(Task details) All that is wanted is an exact copy of the lines below, starting at the one that contains "theory Defs" and running to the end.

(Data)
(* Let $h_C,h_A:S\to\mathbb R_{\ge0}\cup\{\infty\}$ be two admissible (static) heuristics for $\mathcal T$, and let $h_{\mathrm{lazy}}$ be the lazy evaluation heuristic over the information source $\sigma_{\mathrm{lazy}}$. Then Dynamic A* with \texttt{reeval} set to true using $h_{\mathrm{lazy}}$ returns optimal solutions: whenever it returns a path, it is a solution of $\mathcal T$ of minimal cost.
   Context: A transition system is $\mathcal T=\langle S,L,c,T,s_I,S_G\rangle$ with finite states $S$, finite labels $L$, cost function $c:L\to\mathbb R_{\ge0}$, transitions $T\subseteq S\times L\times S$, initial state $s_I$, goal states $S_G\subseteq S$; $h^*(s)$ is the minimal cost of a path from $s$ to a goal ($\infty$ if none). A static heuristic $h:S\to\mathbb R_{\ge0}\cup\{\infty\}$ is admissible if $h(s)\le h^*(s)$ for all $s$. An information source $\sigma$ consists of a set $\mathcal I_\sigma$, $\iota_0^\sigma\in\mathcal I_\sigma$, $\mathrm{update}_\sigma:\mathcal I_\sigma\times T\to\mathcal I_\sigma$, $\mathrm{refine}_\sigma:\mathcal I_\sigma\times S\to\mathcal I_\sigma$. A dynamic heuristic over $\sigma$ is a function $h:S\times\mathcal I_\sigma\to\mathbb R_{\ge0}\cup\{\infty\}$. The source $\sigma_{\mathrm{lazy}}$: $\mathcal I_{\sigma_{\mathrm{lazy}}}$ is the set of functions $\iota:S\to\{C,A\}$; $\iota_0=\{s\mapsto C\mid s\in S\}$; $\mathrm{update}(\iota,t)=\iota$; $\mathrm{refine}(\iota,s)=\iota'$ where $\iota'$ agrees with $\iota$ except $\iota'(s)=A$. The lazy evaluation heuristic is $h_{\mathrm{lazy}}(s,\iota)=h_{\iota(s)}(s)$. Parent source $\sigma_p$: $\mathcal I_{\sigma_p}$ = partial functions $S\rightharpoonup\mathbb R_{\ge0}\times(T\cup\{\bot\})$; $\iota_0=\{s_I\mapsto\langle0,\bot\rangle\}$; refine is the identity; $\mathrm{update}(\iota,\langle s,\ell,s'\rangle)$ with $\iota(s)=\langle g,\cdot\rangle$ changes only $s'$, setting it to $\langle g+c(\ell),\langle s,\ell,s'\rangle\rangle$ if $\iota(s')$ is undefined or has $g$-component $\ge g+c(\ell)$, otherwise unchanged. Dynamic A* takes $\mathcal T$, sources $\sigma_p,\sigma_h$, a dynamic heuristic $h$ over $\sigma_h$ and a Boolean flag \texttt{reeval}. Notation: at any moment $g(s)$ is the $g$-component of the current $\mathcal I(\sigma_p)(s)$ and $h(s)$ denotes $h(s,\mathcal I(\sigma_h))$ for the current $\mathcal I(\sigma_h)$. Open is a priority queue of entries $\langle s,g,h\rangle$ (duplicates allowed), popped by minimal stored value $g+h$ (ties arbitrary). Algorithm: 1. $\mathcal I(\sigma):=\iota_0^\sigma$ for both sources; $S_{\mathrm{known}}:=\{s_I\}$; Closed $:=\emptyset$; Open empty. If $h(s_I)<\infty$ insert $\langle s_I,g(s_I),h(s_I)\rangle$. 2. While Open is nonempty: pop an entry $\langle s,\hat g,\hat h\rangle$ of minimal $\hat g+\hat h$. If $s\in$ Closed, continue with the next iteration. Otherwise set $\mathcal I(\sigma):=\mathrm{refine}_\sigma(\mathcal I(\sigma),s)$ for both sources. If \texttt{reeval} is true and $\hat h<h(s)$: if $h(s)<\infty$ insert $\langle s,g(s),h(s)\rangle$; continue with the next iteration (this is a re-evaluation). Otherwise add $s$ to Closed ($s$ is expanded). If $s\in S_G$, return the path obtained by following the parent pointers of $\mathcal I(\sigma_p)$ from $s$ back to $s_I$. Otherwise, for each $t=\langle s,\ell,s'\rangle\in T$ in some order: let $old:=g(s')$ if $s'\in S_{\mathrm{known}}$ and undefined otherwise; set $\mathcal I(\sigma):=\mathrm{update}_\sigma(\mathcal I(\sigma),t)$ for both sources; add $s'$ to $S_{\mathrm{known}}$; if $h(s')=\infty$ skip $s'$; else if $old$ is undefined insert $\langle s',g(s'),h(s')\rangle$; else if $old>g(s')$, remove $s'$ from Closed if it is there (reopening) and insert $\langle s',g(s'),h(s')\rangle$. 3. Return "unsolvable". *)

theory Defs
  imports Complex_Main "HOL-Library.Multiset" "HOL-Library.Extended_Nonnegative_Real"
begin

(Task answer)
theory Defs
  imports Complex_Main "HOL-Library.Multiset" "HOL-Library.Extended_Nonnegative_Real"
begin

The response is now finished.